Esce nelle librerie “Noi due siamo uno”, viaggio dentro uno degli episodi più incomprensibili degli ultimi anni. Con il diario, ritrovato dopo la sua morte, di Andrea Soldi: testimonianza lucida e personale dall’universo della schizofrenia

Il mondo di Andrea, che non doveva morire per un Tso

La storia di una morte che non doveva esserci, il travaglio di una famiglia di fronte agli interrogativi della malattia psichica, la straordinarietà di un diario che ci permette di entrare nell’interiorità, sorprendentemente lucida, di un uomo diventato improvvisamente fragile. Nelle pagine di “Noi due siamo uno” (di Matteo Spicuglia, Add editore, in uscita domani, 14 aprile) troviamo molto più del racconto di un doloroso fatto di cronaca. Il protagonista si chiama Andrea Soldi e per la sua morte la Corte d’Appello di Torino ha di recente condannato ad un anno e sei mesi di reclusione (omicidio colposo) lo psichiatra e i tre agenti della polizia municipale che nell’agosto 2015 lo sottoposero ad un trattamento sanitario obbligatorio. Quel TSO a seguito del quale trovò la morte. Era malato di schizofrenia, Andrea, ma non aveva mai manifestato forme di violenza: non era pericoloso insomma, né per sé, né per gli altri, e semplicemente quel giorno le cose non sarebbero dovute andare come sono andate.

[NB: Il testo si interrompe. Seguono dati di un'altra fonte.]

(* Let $p$ be a prime and let $A_p$ be a non-zero $p$-primary Abelian group. Then $\mathrm{End}\,A_p$ is centrally essential if and only if $A_p\cong Z_{p^k}$ for some positive integer $k$ or $A_p\cong Z_{p^\infty}$.
   Context: All rings are associative with non-zero identity. A ring $R$ is centrally essential if for every non-zero $a\in R$ there exist non-zero elements $x,y$ of the center of $R$ with $ax=y$. $Z_{p^k}$ is the cyclic group of order $p^k$ and $Z_{p^\infty}$ is the quasi-cyclic (Prüfer) $p$-group. *)

theory Defs
  imports "HOL-Algebra.Algebra" Complex_Main
begin

definition ring_center :: "('a, 'm) ring_scheme \<Rightarrow> 'a set" where
  "ring_center R = {z \<in> carrier R. \<forall>r \<in> carrier R. z \<otimes>\<^bsub>R\<^esub> r = r \<otimes>\<^bsub>R\<^esub> z}"

definition centrally_essential :: "('a, 'm) ring_scheme \<Rightarrow> bool" where
  "centrally_essential R \<longleftrightarrow>
     (\<forall>a \<in> carrier R. a \<noteq> \<zero>\<^bsub>R\<^esub> \<longrightarrow>
        (\<exists>x \<in> ring_center R. \<exists>y \<in> ring_center R.
            x \<noteq> \<zero>\<^bsub>R\<^esub> \<and> y \<noteq> \<zero>\<^bsub>R\<^esub> \<and> a \<otimes>\<^bsub>R\<^esub> x = y))"

definition End_ring :: "('a, 'm) monoid_scheme \<Rightarrow> ('a \<Rightarrow> 'a) ring" where
  "End_ring G =
     \<lparr>carrier = {f. f \<in> hom G G \<and> f \<in> extensional (carrier G)},
      monoid.mult = (\<lambda>f g. compose (carrier G) f g),
      one = (\<lambda>x\<in>carrier G. x),
      ring.zero = (\<lambda>x\<in>carrier G. \<one>\<^bsub>G\<^esub>),
      ring.add = (\<lambda>f g. \<lambda>x\<in>carrier G. f x \<otimes>\<^bsub>G\<^esub> g x)\<rparr>"

text \<open>The quasi-cyclic (Pruefer) p-group, modelled as the multiplicative group of
  complex roots of unity of p-power order.\<close>
definition pruefer_group :: "nat \<Rightarrow> complex monoid" where
  "pruefer_group p = \<lparr>carrier = {z. \<exists>n::nat. z ^ (p ^ n) = 1}, monoid.mult = (*), one = 1\<rparr>"

end

theory Submission
  imports Defs
begin

section \<open>Centrally essential rings\<close>

context ring
begin

lemma centrally_essential_if_commutative:
  assumes "\<And>a b. a \<in> carrier R \<Longrightarrow> b \<in> carrier R \<Longrightarrow> a \<otimes> b = b \<otimes> a"
  shows "centrally_essential R"
  unfolding centrally_essential_def
proof (intro ballI impI)
  fix a assume a: "a \<in> carrier R" "a \<noteq> \<zero>"
  then have "\<one> \<noteq> \<zero>" using one_zeroD by blast
  moreover have "ring_center R = carrier R" using assms by (auto simp: ring_center_def)
  ultimately show "\<exists>x\<in>ring_center R. \<exists>y\<in>ring_center R. x \<noteq> \<zero> \<and> y \<noteq> \<zero> \<and> a \<otimes> x = y"
    using a by (intro bexI[of _ \<one>] bexI[of _ a]) auto
qed

lemma centrally_essential_idempotent_annihilated:
  assumes CE: "centrally_essential R" and e: "e \<in> carrier R" and a: "a \<in> carrier R"
    and ea: "(e \<otimes> a = a \<and> a \<otimes> e = \<zero>) \<or> (a \<otimes> e = a \<and> e \<otimes> a = \<zero>)"
  shows "a = \<zero>"
proof (rule ccontr)
  assume "a \<noteq> \<zero>"
  then obtain x y where x: "x \<in> ring_center R" and y: "y \<in> ring_center R" "y \<noteq> \<zero>" "a \<otimes> x = y"
    using CE a unfolding centrally_essential_def by blast
  have xC: "x \<in> carrier R" and xe: "x \<otimes> e = e \<otimes> x" using x e by (auto simp: ring_center_def)
  have "(e \<otimes> a) \<otimes> x = e \<otimes> y" using y(3) e a xC by (simp add: m_assoc)
  also have "\<dots> = y \<otimes> e" using y(1) e by (simp add: ring_center_def)
  also have "\<dots> = (a \<otimes> e) \<otimes> x" using e a xC by (simp add: m_assoc xe flip: y(3))
  finally have "(e \<otimes> a) \<otimes> x = (a \<otimes> e) \<otimes> x" .
  then have "y = \<zero> \<otimes> x" using ea y(3) by auto
  then show False using xC y(2) by simp
qed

Una ricostruzione puntuale e dettagliata, quella che apre il libro e che come un colpo al cuore ti catapulta subito in presa diretta in quel giorno d’estate torinese, in piazza Umbria, sulla panchina che Andrea Soldi aveva scelto come la sua seconda casa, e sulla quale passava ore intere. Era indifferentemente il luogo dove i pensieri lo assalivano e dove trovava conforto, il posto dove i suoi sapevano di poterlo sempre trovare, l’angolo di città in cui suo papà Renato gli si sedeva a fianco, aspettando che lui, Andrea, gli rispondesse al saluto e parlasse con lui. In quelle prime sette pagine e mezzo, veniamo a sapere tutto ciò che di essenziale la cronaca e il dibattimento processuale hanno chiarito: è una vicenda che “entra nella coscienza di tutta la città” e che a quanti la leggono per la prima volta appare quasi inverosimile, come se davvero non possa essere possibile che tutto ciò che è stato sia potuto accadere davvero.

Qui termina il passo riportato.